Greek crisis is Greece’s responsibility – lawyer

29 Jun, 2011 18:53 / Updated 13 years ago

A Berlin-based lawyer and professor, Markus Kerber, explains that the European Union should not have provided Greece with any credits or bailouts in the first place, saying that such steps have no legal grounds.

“We have a bailout prohibition in the European Union Treaty [the Treaty on the Functioning of the European Union], Article 125, which expressly says that we have a monetary union, and a monetary union without collective financial or fiscal solidarity,” he told RT. “There is only solidarity in case of natural catastrophe, like earthquakes. The Greek crisis is no earthquake, it’s a governance problem. It’s generated by Greece and it’s Greece’s responsibility.”In his opinion, the reason why other EU players are attempting to save the Greek economy is panic. As people believe that the Greek crisis may be contagious to more developed economies, like the French or German, politicians become afraid, and people who are afraid take unreasonable decisions, like providing Greece with generous credits. In fact, Kerber continued, leaving Greece to deal with its own crisis by itself would not pose any danger to the eurozone.“Let’s focus on sober facts. Greece represents about 1.2 per cent of the Gross National Product of the European community.

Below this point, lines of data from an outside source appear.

(* Let $\Omega\subsetneq\mathbb{C}$ be a domain and let $w\in\Omega$ be such that $\mathcal{H}^0_w(\Omega,\mathbb{D})\neq\emptyset$. Then the maximum $\max\{|h'(w)| : h\in\mathcal{H}^0_w(\Omega,\mathbb{D})\}$ exists and $$\mathscr{C}_{\Omega}^{\mathbb{D}}(w)=2\max\{|h'(w)| : h\in\mathcal{H}^0_w(\Omega,\mathbb{D})\}.$$
   Context: $\mathbb{D}=\{z\in\mathbb{C}:|z|<1\}$. For domains $\Omega\subset\mathbb{C}$, $Y\subsetneq\mathbb{C}$, and points $w\in\Omega$, $s\in Y$, let $\mathcal{H}^s_w(\Omega,Y)$ be the set of holomorphic maps $h:\Omega\to Y$ with $h(w)=s$ and $h(z)\neq s$ for all $z\in\Omega\setminus\{w\}$. For a domain $Y\subsetneq\mathbb{C}$ and $v\in Y$, the Hurwitz density is $\eta_Y(v)=2/r_Y(v)$, where $r_Y(v)=\max\{h'(0): h:\mathbb{D}\to Y \text{ holomorphic},\ h(0)=v,\ h(z)\neq v \text{ for } z\in\mathbb{D}\setminus\{0\},\ h'(0)>0\}$ (in particular $\eta_{\mathbb{D}}(0)=2$). The Carathéodory density of the Hurwitz metric of $\Omega$ relative to $Y$ at base point $s$ is $\mathscr{C}_{\Omega}^{Y,s}(w)=\sup\{\eta_Y(h(w))|h'(w)| : h\in\mathcal{H}^s_w(\Omega,Y)\}$ (defined to be $0$ if $\mathcal{H}^s_w(\Omega,Y)=\emptyset$), and $\mathscr{C}_{\Omega}^{\mathbb{D}}:=\mathscr{C}_{\Omega}^{\mathbb{D},0}$. *)

theory Defs
  imports "HOL-Complex_Analysis.Complex_Analysis"
begin

definition is_domain :: "complex set \<Rightarrow> bool" where
  "is_domain S \<longleftrightarrow> open S \<and> connected S \<and> S \<noteq> {}"

definition Hclass :: "complex set \<Rightarrow> complex set \<Rightarrow> complex \<Rightarrow> complex \<Rightarrow> (complex \<Rightarrow> complex) set" where
  "Hclass \<Omega> Y w s = {h. h holomorphic_on \<Omega> \<and> h ` \<Omega> \<subseteq> Y \<and> h w = s \<and>
                          (\<forall>z\<in>\<Omega> - {w}. h z \<noteq> s)}"

text \<open>Hurwitz radius r_Y(v): the extremal value of h'(0) over h in H^v_0(D,Y) with h'(0) > 0.
  The paper writes max; we take the supremum (which is the max when attained).\<close>
definition hurwitz_radius :: "complex set \<Rightarrow> complex \<Rightarrow> real" where
  "hurwitz_radius Y v = Sup {Re (deriv h 0) | h. h \<in> Hclass (ball 0 1) Y 0 v \<and>
                               deriv h 0 \<in> \<real> \<and> Re (deriv h 0) > 0}"

definition hurwitz_density :: "complex set \<Rightarrow> complex \<Rightarrow> real" where
  "hurwitz_density Y v = 2 / hurwitz_radius Y v"

definition cara_hurwitz :: "complex set \<Rightarrow> complex set \<Rightarrow> complex \<Rightarrow> complex \<Rightarrow> real" where
  "cara_hurwitz \<Omega> Y s w =
     (if Hclass \<Omega> Y w s = {} then 0
      else Sup {hurwitz_density Y (h w) * norm (deriv h w) | h. h \<in> Hclass \<Omega> Y w s})"

end

theory Submission
  imports Defs
begin

text \<open>
  Every \<open>h \<in> H\<^sup>0\<^sub>w(\<Omega>, \<bbbD>)\<close> is bounded by 1, so Cauchy's estimate bounds \<open>|h'(w)|\<close> uniformly.
  By Montel's theorem a maximising sequence has a locally uniformly convergent subsequence,
  whose limit \<open>g\<close> attains the supremum \<open>M\<close> of \<open>|h'(w)|\<close>. If \<open>M = 0\<close> every member of the class
  is extremal. Otherwise \<open>g\<close> is not constant: Hurwitz's theorem keeps \<open>g\<close> zero-free on
  \<open>\<Omega> - {w}\<close> and the open mapping theorem keeps \<open>g(\<Omega>)\<close> inside the open disc, so \<open>g\<close> belongs
  to the class. Finally the Schwarz lemma gives \<open>\<eta>\<^sub>\<bbbD>(0) = 2\<close>, so the Caratheodory density
  is the maximum of \<open>2 |h'(w)|\<close>.
\<close>

lemma hurwitz_radius_disc_0: "hurwitz_radius (ball 0 1) 0 = 1"
proof -
  let ?A = "{Re (deriv h 0) | h. h \<in> Hclass (ball 0 1) (ball 0 1) 0 0 \<and>
                               deriv h 0 \<in> \<real> \<and> Re (deriv h 0) > 0}"
  have "(\<lambda>z. z) \<in> Hclass (ball 0 1) (ball 0 1) 0 0"
    by (auto simp: Hclass_def)
  then have "1 \<in> ?A"
    by force
  moreover have "x \<le> 1" if "x \<in> ?A" for x
  proof -
    from that obtain h where h: "h \<in> Hclass (ball 0 1) (ball 0 1) 0 0" and x: "x = Re (deriv h 0)"
      by blast
    have "norm (deriv h 0) \<le> 1"
      using h by (intro Schwarz_Lemma(2)[of h 0]) (auto simp: Hclass_def image_subset_iff)
    then show ?thesis
      using x complex_Re_le_cmod order_trans by blast
  qed
  ultimately show ?thesis
    unfolding hurwitz_radius_def by (intro cSup_eq_maximum) auto
qed

lemma hurwitz_density_disc_0: "hurwitz_density (ball 0 1) 0 = 2"
  by (simp add: hurwitz_density_def hurwitz_radius_disc_0)

lemma norm_deriv_le_of_bounded:
  assumes "f holomorphic_on S" "cball w r \<subseteq> S" "0 < r" "\<And>z. z \<in> S \<Longrightarrow> norm (f z) \<le> B"
  shows "norm (deriv f w) \<le> B / r"
proof -
  have "norm ((deriv ^^ 1) f w) \<le> fact 1 * B / r ^ 1"
  proof (rule Cauchy_inequality)
    show "f holomorphic_on ball w r"
      using assms(1,2) ball_subset_cball holomorphic_on_subset by blast
    show "continuous_on (cball w r) f"
      using assms(1,2) holomorphic_on_imp_continuous_on continuous_on_subset by blast
    show "norm (f z) \<le> B" if "norm (w - z) = r" for z
      using that assms(2,4) by (auto simp: dist_norm)
  qed (use assms in auto)
  then show ?thesis
    by simp
qed

lemma constant_on_open_delete:
  fixes g :: "'a::{perfect_space,t2_space} \<Rightarrow> 'b::t2_space"
  assumes "open S" "isCont g w" "g constant_on (S - {w})"
  shows "g constant_on S"
proof -
  obtain c where c: "\<And>z. z \<in> S - {w} \<Longrightarrow> g z = c"
    using assms(3) by (auto simp: constant_on_def)
  have "g w = c" if "w \<in> S"
  proof (rule tendsto_unique)
    show "(g \<longlongrightarrow> g w) (at w)"
      using assms(2) by (rule isContD)
    have "\<forall>\<^sub>F z in at w. g z = c"
      using eventually_at_in_open[OF assms(1) that] by (rule eventually_mono) (rule c)
    then show "(g \<longlongrightarrow> c) (at w)"
      by (rule tendsto_eventually)
  qed simp
  then show ?thesis
    using c unfolding constant_on_def by (metis Diff_iff singletonD)
qed

lemma nonconstant_limit_maps_into_ball:
  assumes "g holomorphic_on S" "open S" "connected S" "\<not> g constant_on S"
    and lim: "\<And>z. z \<in> S \<Longrightarrow> (\<lambda>n. f n z) \<longlonglongrightarrow> g z"
    and into: "\<And>n z. z \<in> S \<Longrightarrow> f n z \<in> ball c r"
  shows "g ` S \<subseteq> ball c r"
proof -
  have "g z \<in> cball c r" if "z \<in> S" for z
  proof -
    have "dist c (g z) \<le> r"
    proof (rule Lim_bounded)
      show "(\<lambda>n. dist c (f n z)) \<longlonglongrightarrow> dist c (g z)"
        using lim[OF that] by (intro tendsto_intros)
      show "\<forall>n\<ge>0. dist c (f n z) \<le> r"
        using into[OF that] by (simp add: less_imp_le)
    qed
    then show ?thesis
      by simp
  qed
  moreover have "open (g ` S)"
    using assms(1-4) by (intro open_mapping_thm[of g S]) auto
  ultimately have "g ` S \<subseteq> interior (cball c r)"
    by (intro interior_maximal) auto
  then show ?thesis
    by simp
qed

lemma Hclass_disc_locally_uniform_limit:
  assumes "open \<Omega>" "connected \<Omega>" "w \<in> \<Omega>"
    and f: "\<And>n. f n \<in> Hclass \<Omega> (ball 0 1) w 0"
    and g: "g holomorphic_on \<Omega>"
    and lim: "\<And>K. compact K \<Longrightarrow> K \<subseteq> \<Omega> \<Longrightarrow> uniform_limit K f g sequentially"
    and "deriv g w \<noteq> 0"
  shows "g \<in> Hclass \<Omega> (ball 0 1) w 0"
proof -
  have gw: "(g has_field_derivative deriv g w) (at w)"
    using g assms(1,3) holomorphic_derivI by blast
  have nonconst: "\<not> g constant_on \<Omega>"
    using nonzero_deriv_nonconstant[OF gw assms(1,3)] assms(7) .
  have pointwise: "(\<lambda>n. f n z) \<longlonglongrightarrow> g z" if "z \<in> \<Omega>" for z
    using tendsto_uniform_limitI[OF lim[of "{z}"]] that by simp
  have "g w = 0"
    using pointwise[OF assms(3)] f by (simp add: Hclass_def LIMSEQ_const_iff)
  moreover have "g z \<noteq> 0" if "z \<in> \<Omega> - {w}" for z
  proof (rule Hurwitz_no_zeros[of "\<Omega> - {w}" f g])
    show "connected (\<Omega> - {w})"
      using connected_open_delete[OF assms(1,2)] by simp
    show "\<not> g constant_on \<Omega> - {w}"
      using constant_on_open_delete[OF assms(1) DERIV_isCont[OF gw]] nonconst by blast
    show "uniform_limit K f g sequentially" if "compact K" "K \<subseteq> \<Omega> - {w}" for K
      using lim that by blast
  qed (use assms that in \<open>auto simp: Hclass_def intro: holomorphic_on_subset\<close>)
  moreover have "g ` \<Omega> \<subseteq> ball 0 1"
    using f by (intro nonconstant_limit_maps_into_ball[OF g assms(1,2) nonconst pointwise])
      (auto simp: Hclass_def image_subset_iff)
  ultimately show ?thesis
    using g by (auto simp: Hclass_def)
qed

lemma maximizing_sequence:
  fixes f :: "'a \<Rightarrow> real"
  assumes "A \<noteq> {}" "bdd_above (f ` A)"
  obtains x where "\<And>n. x n \<in> A" "(\<lambda>n. f (x n)) \<longlonglongrightarrow> (SUP a\<in>A. f a)"
proof -
  have "(SUP a\<in>A. f a) \<in> closure (f ` A)"
    using assms by (intro closure_contains_Sup) auto
  then obtain y where y: "\<And>n. y n \<in> f ` A" "y \<longlonglongrightarrow> (SUP a\<in>A. f a)"
    unfolding closure_sequential by blast
  have "\<forall>n. \<exists>a\<in>A. y n = f a"
    using y(1) by blast
  then obtain x where x: "\<And>n. x n \<in> A" "\<And>n. y n = f (x n)"
    by metis
  then have "y = (\<lambda>n. f (x n))"
    by auto
  with y(2) have "(\<lambda>n. f (x n)) \<longlonglongrightarrow> (SUP a\<in>A. f a)"
    by simp
  with x(1) show ?thesis
    by (rule that)
qed

lemma Montel_deriv:
  fixes f :: "nat \<Rightarrow> complex \<Rightarrow> complex"
  assumes "open S" "\<And>n. f n holomorphic_on S" "\<And>n z. z \<in> S \<Longrightarrow> norm (f n z) \<le> B"
  obtains g r where "g holomorphic_on S" "strict_mono (r :: nat \<Rightarrow> nat)"
    "\<And>K. compact K \<Longrightarrow> K \<subseteq> S \<Longrightarrow> uniform_limit K (f \<circ> r) g sequentially"
    "\<And>z. z \<in> S \<Longrightarrow> (\<lambda>n. deriv (f (r n)) z) \<longlonglongrightarrow> deriv g z"
proof -
  have hol: "h holomorphic_on S" if "h \<in> range f" for h
    using that assms(2) by auto
  have bounded: "\<exists>B. \<forall>h\<in>range f. \<forall>z\<in>K. norm (h z) \<le> B" if "compact K" "K \<subseteq> S" for K
  proof (intro exI ballI)
    fix h z
    assume "h \<in> range f" "z \<in> K"
    then show "norm (h z) \<le> B"
      using assms(3) that(2) by auto
  qed
  obtain g r where g: "g holomorphic_on S" "strict_mono (r :: nat \<Rightarrow> nat)"
    and "\<And>z. z \<in> S \<Longrightarrow> (\<lambda>n. f (r n) z) \<longlonglongrightarrow> g z"
    and lim: "\<And>K. compact K \<Longrightarrow> K \<subseteq> S \<Longrightarrow> uniform_limit K (f \<circ> r) g sequentially"
    by (rule Montel[OF assms(1) hol bounded order_refl]) (assumption | rule that)+
  have "(\<lambda>n. deriv ((f \<circ> r) n) z) \<longlonglongrightarrow> deriv g z" if z: "z \<in> S" for z
  proof -
    obtain \<rho> where \<rho>: "0 < \<rho>" "cball z \<rho> \<subseteq> S"
      using open_contains_cball assms(1) z by blast
    then have "ball z \<rho> \<subseteq> S"
      by (meson ball_subset_cball order_trans)
    then have "(f \<circ> r) n holomorphic_on ball z \<rho>" for n
      unfolding o_apply by (rule holomorphic_on_subset[OF assms(2)])
    then show ?thesis
      using uniform_limit_on_subset[OF lim[OF compact_cball \<rho>(2)] ball_subset_cball] \<rho>(1)
      by (intro deriv_complex_uniform_limit[where A = "ball z \<rho>"] always_eventually allI) (auto simp: o_def)
  qed
  with g lim show ?thesis
    by (intro that) (simp_all add: o_def)
qed

lemma Hclass_disc_norm_deriv_bdd_above:
  assumes "open \<Omega>" "w \<in> \<Omega>"
  shows "bdd_above ((\<lambda>h. norm (deriv h w)) ` Hclass \<Omega> (ball 0 1) w 0)"
proof -
  obtain \<rho> where \<rho>: "0 < \<rho>" "cball w \<rho> \<subseteq> \<Omega>"
    using open_contains_cball assms by blast
  have "norm (deriv h w) \<le> 1 / \<rho>" if "h \<in> Hclass \<Omega> (ball 0 1) w 0" for h
  proof (rule norm_deriv_le_of_bounded[OF _ \<rho>(2,1)])
    show "h holomorphic_on \<Omega>" "\<And>z. z \<in> \<Omega> \<Longrightarrow> norm (h z) \<le> 1"
      using that by (auto simp: Hclass_def image_subset_iff less_imp_le)
  qed
  then show ?thesis
    by (rule bdd_aboveI2)
qed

This is really peanuts, I say this with great respect but, economically speaking, it is not an important country,” Markus Kerber concluded.Deutsche Welle journalist Simon Young, referring to the official reaction from Berlin, disagrees, saying that not only was the bailout necessary to save Greece’s economy, it was also crucial for the stability of the entire eurozone.“Chancellor Merkel said today that this was really a very good piece of news [that the Greek parliament had voted for massive new austerity cuts]. And of course the German government continues to focus on trying to avoid a Greek default,” he told RT. “They see that as the main danger here. Chancellor Merkel said that if the Greeks were to default on [their] debt, that would throw the whole eurozone into chaos, and it would unleash a crisis worse than the collapse of Lehman Brothers.”